# Coffee Table



## del schisler (Feb 2, 2006)

here is a coffee table i made for my friend It is made from Brazilian Cherry or JOBOTO i guess is the other name It is a hard wood It is 2.3 time harder or denser than oak May be off on the dens. It sure did work up nice I use M.L. CAMPBELL cabnet grade lacquer And it sure is heavy I made the legs from 4 pieces glued up and than fluted on each side He didn't want any turned leg's he was the boss thank's for looking del


----------



## AxlMyk (Jun 13, 2006)

That's a beautiful table Del.. Good job..


----------



## Dr.Zook (Sep 10, 2004)

Nice Del, as always.


----------



## lrr (Nov 27, 2006)

Very nice, Del.

What is it about the South American woods? I've made several things with purpleheart (also Brazilian), and the stuff is really dense. I made a small plant stand, and almost split a gut hauling it out of the shop!


----------



## Joe Lyddon (Sep 11, 2004)

Very NICE, Del!

I have some Jatoba too... real heavy stuff... did you have any trouble milling the wood? ... beads n all the fine cuts?

Aren't they pretty heavy?

Should last a life-time!

Thank you for sharing...


----------



## del schisler (Feb 2, 2006)

*coffee table*



Joe Lyddon said:


> Very NICE, Del!
> 
> I have some Jatoba too... real heavy stuff... did you have any trouble milling the wood? ... beads n all the fine cuts?
> 
> ...


I didn't have any trouble I have good router bits Amana Of course their are other good bits But at my friends place where i get my wood They have them in stock Make's it easy to buy Sometime's i get carried away I bet nobody else does ?? And my planer i have sharp blade's The wood came out very slick Looked like it was sanded all ready thank's for the nice reply's


----------



## challagan (Feb 7, 2006)

Nice!
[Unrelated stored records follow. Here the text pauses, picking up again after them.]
lemma kdv_kernel_column_integral:
  assumes "s \<ge> 0"
  shows "(\<integral>\<^sup>+\<xi>. (ennreal (kdv_kernel s \<xi> \<eta>) *
            of_bool (kdv_phase_window \<alpha> M \<xi> \<eta> \<and> \<not> away_from_midpoint \<xi> \<eta>))\<^sup>2 \<partial>lborel)
         \<le> ennreal (2 powr s * 64 / 3 * max M 0)"
proof (cases "\<eta> = 0")
  case True
  then show ?thesis by (simp add: away_from_midpoint_def)
next
  case False
  then obtain I where I: "I \<in> sets lborel"
    "{\<xi>. kdv_phase_window \<alpha> M \<xi> \<eta> \<and> \<not> away_from_midpoint \<xi> \<eta>} \<subseteq> I"
    "emeasure lborel I \<le> ennreal (4 * max M 0 / (3 * \<eta>\<^sup>2))"
    by (rule kdv_window_column_cover)
  have "(\<integral>\<^sup>+\<xi>. (ennreal (kdv_kernel s \<xi> \<eta>) *
            of_bool (kdv_phase_window \<alpha> M \<xi> \<eta> \<and> \<not> away_from_midpoint \<xi> \<eta>))\<^sup>2 \<partial>lborel)
      \<le> ennreal (2 powr s * (16 * \<eta>\<^sup>2)) * emeasure lborel I"
  proof (rule nn_integral_le_cover[OF I(1)])
    fix \<xi>
    show "(ennreal (kdv_kernel s \<xi> \<eta>) *
            of_bool (kdv_phase_window \<alpha> M \<xi> \<eta> \<and> \<not> away_from_midpoint \<xi> \<eta>))\<^sup>2
          \<le> ennreal (2 powr s * (16 * \<eta>\<^sup>2))"
    proof (cases "away_from_midpoint \<xi> \<eta>")
      case False
      then have "\<xi>\<^sup>2 \<le> (4 * \<bar>\<eta>\<bar>)\<^sup>2"
        using not_away_from_midpoint_imp(2) by (metis abs_ge_zero power2_abs power_mono)
      then have "(kdv_kernel s \<xi> \<eta>)\<^sup>2 \<le> 2 powr s * (16 * \<eta>\<^sup>2)"
        using kdv_kernel_sq_le[OF assms, of \<xi> \<eta>] by (simp add: power_mult_distrib order_trans)
      then show ?thesis
        by (rule order_trans[OF ennreal_mult_of_bool_sq_le ennreal_leI])
    qed simp
  qed (use I(2) in auto)
  also have "\<dots> \<le> ennreal (2 powr s * (16 * \<eta>\<^sup>2)) * ennreal (4 * max M 0 / (3 * \<eta>\<^sup>2))"
    using I(3) by (rule mult_left_mono) simp
  also have "\<dots> = ennreal (2 powr s * 64 / 3 * max M 0)"
    using False by (simp add: ennreal_mult'[symmetric] field_simps)
  finally show ?thesis .
qed

definition weighted_modulus :: "real \<Rightarrow> (real \<Rightarrow> complex) \<Rightarrow> real \<Rightarrow> ennreal" where
  "weighted_modulus s f \<xi> = ennreal (bracket_powr s \<xi> * cmod (f \<xi>))"

lemma weighted_modulus_measurable [measurable]:
  "f \<in> borel_measurable borel \<Longrightarrow> weighted_modulus s f \<in> borel_measurable borel"
  unfolding weighted_modulus_def by measurable

lemma Hs_sq_eq_weighted_modulus: "Hs_sq s f = (\<integral>\<^sup>+\<xi>. (weighted_modulus s f \<xi>)\<^sup>2 \<partial>lborel)"
proof -
  have "(bracket_powr s \<xi>)\<^sup>2 = (1 + \<xi>\<^sup>2) powr s" for \<xi>
    unfolding bracket_powr_def by (simp add: power2_eq_square flip: powr_add)
  then show ?thesis
    unfolding Hs_sq_def weighted_modulus_def
    by (simp add: ennreal_power bracket_powr_pos less_imp_le power_mult_distrib)
qed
That is a beautiful coffee table. Looks like aged American cherry! 

Corey


----------



## Lee Brubaker (Jan 30, 2006)

Very nice Del. Hope whoever does the vacuuming appreciates that bottom shelf & avoids sideswiping it. A very handsome piece.

Lee


----------



## Rolf Maxa (Feb 8, 2005)

Very nice work, I never had the opportunity to work with wood from South America. Sounds interesting, I'll have to give it a try


----------